Based on the results in steps 18, 19, it indicates that four variable is the optimal choice, therefore the variables will be speed_air, speed_ground, aircraft, height. Although, from previous steps, we learned there is multicollinearity between speed_ground and speed_air, so we could eliminate one. Also, aircraft is a categorical variable, instead of including it, maybe have the other variable results grouped by aircraft could also be sufficient.
# Load the necessary library for stepAIC
library(MASS)
Attaching package: ‘MASS’
The following object is masked from ‘package:dplyr’:
select
# Create a full model using all predictors
full_model <- lm(distance ~ ., data = FAA_new[, c("distance", var_ranked)])
# Perform forward selection using stepAIC
step_model <- stepAIC(full_model, direction = "forward", trace = FALSE)

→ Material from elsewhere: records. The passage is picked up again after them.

lemma defect_S_n_if_T_inner_pair:
  assumes "T_inner \<subseteq> {x, y}" "x \<in> T_inner" "y \<in> T_inner" "x \<noteq> y" and "u \<in> S_inner"
  shows "defect x y u n = 0"
proof -
  have "length [x, y, u] + (p - 3) \<le> n - 1"
    using four_le_p p_le by simp
  then obtain t s where ts: "distinct (t @ s)" "set (t @ s) \<subseteq> {0<..<n} - set [x, y, u]"
    "set t \<inter> S = {}" "set s \<subseteq> S" "length t + length s = p - 3"
    by (rule obtain_padding)
  have "set t \<subseteq> T_inner - {x, y}"
    using ts(2,3) by (auto simp: subset_iff)
  also have "\<dots> = {}"
    using assms(1) by (simp only: Diff_eq_empty_iff)
  finally have "t = []" by simp
  have path: "one_crossing_path (0 # (s @ [u, v]) @ [n])" if "v \<in> {x, y}" for v
  proof -
    have ws: "distinct (s @ [u, v])" "set (s @ [u, v]) \<subseteq> {0<..<n}" "length (s @ [u, v]) = p - 1"
      using that assms ts \<open>t = []\<close> four_le_p by auto
    show ?thesis
      by (rule one_crossing_pathI[OF ws, where A = "s @ [u]" and B = "[v]" and C = "[]"])
        (use that assms ts in auto)
  qed
  show ?thesis
    using exchange_node[of "0 # s @ [u]" "[n]" x y] path[of x] path[of y] by simp
qed

definition exchangeable :: "nat \<Rightarrow> nat \<Rightarrow> bool" where
  "exchangeable x y \<longleftrightarrow>
    (\<forall>u w. u < n \<longrightarrow> 0 < w \<longrightarrow> w \<le> n \<longrightarrow> u \<notin> {x, y} \<longrightarrow> w \<notin> {x, y} \<longrightarrow> defect x y u w = 0)"
(* Let $A'\to A$ be a surjection in $\mathcal{C}_{\mathbb{E}}$ whose kernel is a $1$-dimensional $\mathbb{E}$-vector space. Let $V'$ be a free $A'$-module of rank $m$ and $V=V'\otimes_{A'}A$. Then the natural map $$\mathrm{GL}(V')\to\mathrm{PGL}(V')\times_{\mathrm{PGL}(V)}\mathrm{GL}(V)\times_{\mathrm{GL}(\det V)}\mathrm{GL}(\det V')$$ is an isomorphism of groups.
   Context: $\mathbb{E}$ is a finite extension of $\mathbb{Q}_\ell$ and $\mathcal{C}_{\mathbb{E}}$ the category of local Artin $\mathbb{E}$-algebras with residue field $\mathbb{E}$. For a free module $V$ over a ring $B$, $\mathrm{GL}(V)=\mathrm{Aut}_B(V)$, $\mathrm{PGL}(V)=\mathrm{GL}(V)/B^*$, and $\det V$ is the top exterior power, so $\mathrm{GL}(\det V)=B^*$; the maps in the fibre product are reduction along $A'\to A$, the projection $\mathrm{GL}\to\mathrm{PGL}$, and the determinant. *)

theory Defs
  imports "Jordan_Normal_Form.Determinant" "HOL-Algebra.Coset"
begin

definition is_ring_hom_cls :: "('a::comm_ring_1 \<Rightarrow> 'b::comm_ring_1) \<Rightarrow> bool" where
  "is_ring_hom_cls h \<longleftrightarrow> h 1 = 1 \<and> (\<forall>x y. h (x + y) = h x + h y \<and> h (x * y) = h x * h y)"

definition is_ideal_cls :: "'a::comm_ring_1 set \<Rightarrow> bool" where
  "is_ideal_cls I \<longleftrightarrow> 0 \<in> I \<and> (\<forall>x\<in>I. \<forall>y\<in>I. x + y \<in> I) \<and> (\<forall>x\<in>I. \<forall>r. r * x \<in> I)"

definition artinian_cls :: "'a::comm_ring_1 itself \<Rightarrow> bool" where
  "artinian_cls _ \<longleftrightarrow> (\<forall>I :: nat \<Rightarrow> 'a set.
     (\<forall>k. is_ideal_cls (I k) \<and> I (Suc k) \<subseteq> I k) \<longrightarrow> (\<exists>N. \<forall>k\<ge>N. I k = I N))"

definition local_ring_cls :: "'a::comm_ring_1 itself \<Rightarrow> bool" where
  "local_ring_cls _ \<longleftrightarrow> (0::'a) \<noteq> 1 \<and> is_ideal_cls {x::'a. \<not> x dvd 1}"

text \<open>An object of C_E: a local Artin E-algebra (structure map iota) whose residue field
  is E, i.e. E \<rightarrow> A/m is onto (every element is congruent mod m to some iota c).\<close>
definition in_C_E :: "('e::field \<Rightarrow> 'a::comm_ring_1) \<Rightarrow> bool" where
  "in_C_E \<iota> \<longleftrightarrow> is_ring_hom_cls \<iota> \<and> local_ring_cls TYPE('a) \<and> artinian_cls TYPE('a)
     \<and> (\<forall>x::'a. \<exists>c. \<not> (x - \<iota> c) dvd 1)"

definition hom_C_E :: "('e::field \<Rightarrow> 'a::comm_ring_1) \<Rightarrow> ('e \<Rightarrow> 'b::comm_ring_1) \<Rightarrow> ('a \<Rightarrow> 'b) \<Rightarrow> bool" where
  "hom_C_E \<iota>' \<iota> f \<longleftrightarrow> is_ring_hom_cls f \<and> (\<forall>c. f (\<iota>' c) = \<iota> c)"

definition GL_grp :: "nat \<Rightarrow> ('a::comm_ring_1) mat monoid" where
  "GL_grp n = \<lparr>carrier = {M \<in> carrier_mat n n. invertible_mat M}, mult = (*), one = 1\<^sub>m n\<rparr>"

definition scalars :: "nat \<Rightarrow> ('a::comm_ring_1) mat set" where
  "scalars n = {c \<cdot>\<^sub>m 1\<^sub>m n | c. c dvd 1}"

definition PGL_grp :: "nat \<Rightarrow> ('a::comm_ring_1) mat set monoid" where
  "PGL_grp n = GL_grp n Mod scalars n"

definition pgl_class :: "nat \<Rightarrow> ('a::comm_ring_1) mat \<Rightarrow> 'a mat set" where
  "pgl_class n M = scalars n #>\<^bsub>GL_grp n\<^esub> M"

# Summary of the stepwise-selected model
summary(step_model)
Call:
lm(formula = distance ~ speed_air + speed_ground + aircraft_numeric +
height + duration + pitch + no_pasg, data = FAA_new[, c("distance",
var_ranked)])
Residuals:
Min 1Q Median 3Q Max
-287.36 -85.69 11.25 83.50 359.85
Coefficients:
Estimate Std. Error t value Pr(>|t|)
(Intercept) -5791.6573 163.2346 -35.481 <2e-16 ***
speed_air 85.5469 6.5221 13.117 <2e-16 ***
speed_ground -3.5464 6.4160 -0.553 0.581
aircraft_numeric -437.9428 21.2621 -20.597 <2e-16 ***
height 13.6756 1.0386 13.168 <2e-16 ***
duration 0.1276 0.2039 0.626 0.532
pitch -13.4897 18.6077 -0.725 0.469
no_pasg -1.9812 1.3780 -1.438 0.152
---
Signif. codes: 0 ‘***’ 0.001 ‘**’ 0.01 ‘*’ 0.05 ‘.’ 0.1 ‘ ’ 1
Residual standard error: 134.5 on 187 degrees of freedom
Multiple R-squared: 0.9747, Adjusted R-squared: 0.9738
F-statistic: 1030 on 7 and 187 DF, p-value: < 2.2e-16
# Print the selected variables
selected_variables <- names(coef(step_model))
print(selected_variables)
[1] "(Intercept)" "speed_air" "speed_ground" "aircraft_numeric" "height"
[6] "duration" "pitch" "no_pasg"
# Compare the AIC value of the StepAIC selected model with manual AIC values
step_model_aic <- AIC(step_model)
manual_aic <- aic_values
# Print the AIC of the StepAIC selected model
print(paste("StepAIC Selected Model AIC:", step_model_aic))
[1] "StepAIC Selected Model AIC: 2474.69216451066"
# Compare with manual AIC values
print(manual_aic)
[1] 2749.962 2751.048 2597.804 2471.938 2473.334 2474.836 2474.692
From the result of stepAIC function, we can see that the AIC values are very much the same. StepAIC selected 7 variables, however, when looking at the summary of AIC model, there is only three showed significant impact, which is the similar results as the AIC calculation in Step 19 (speed_ground has been eliminated).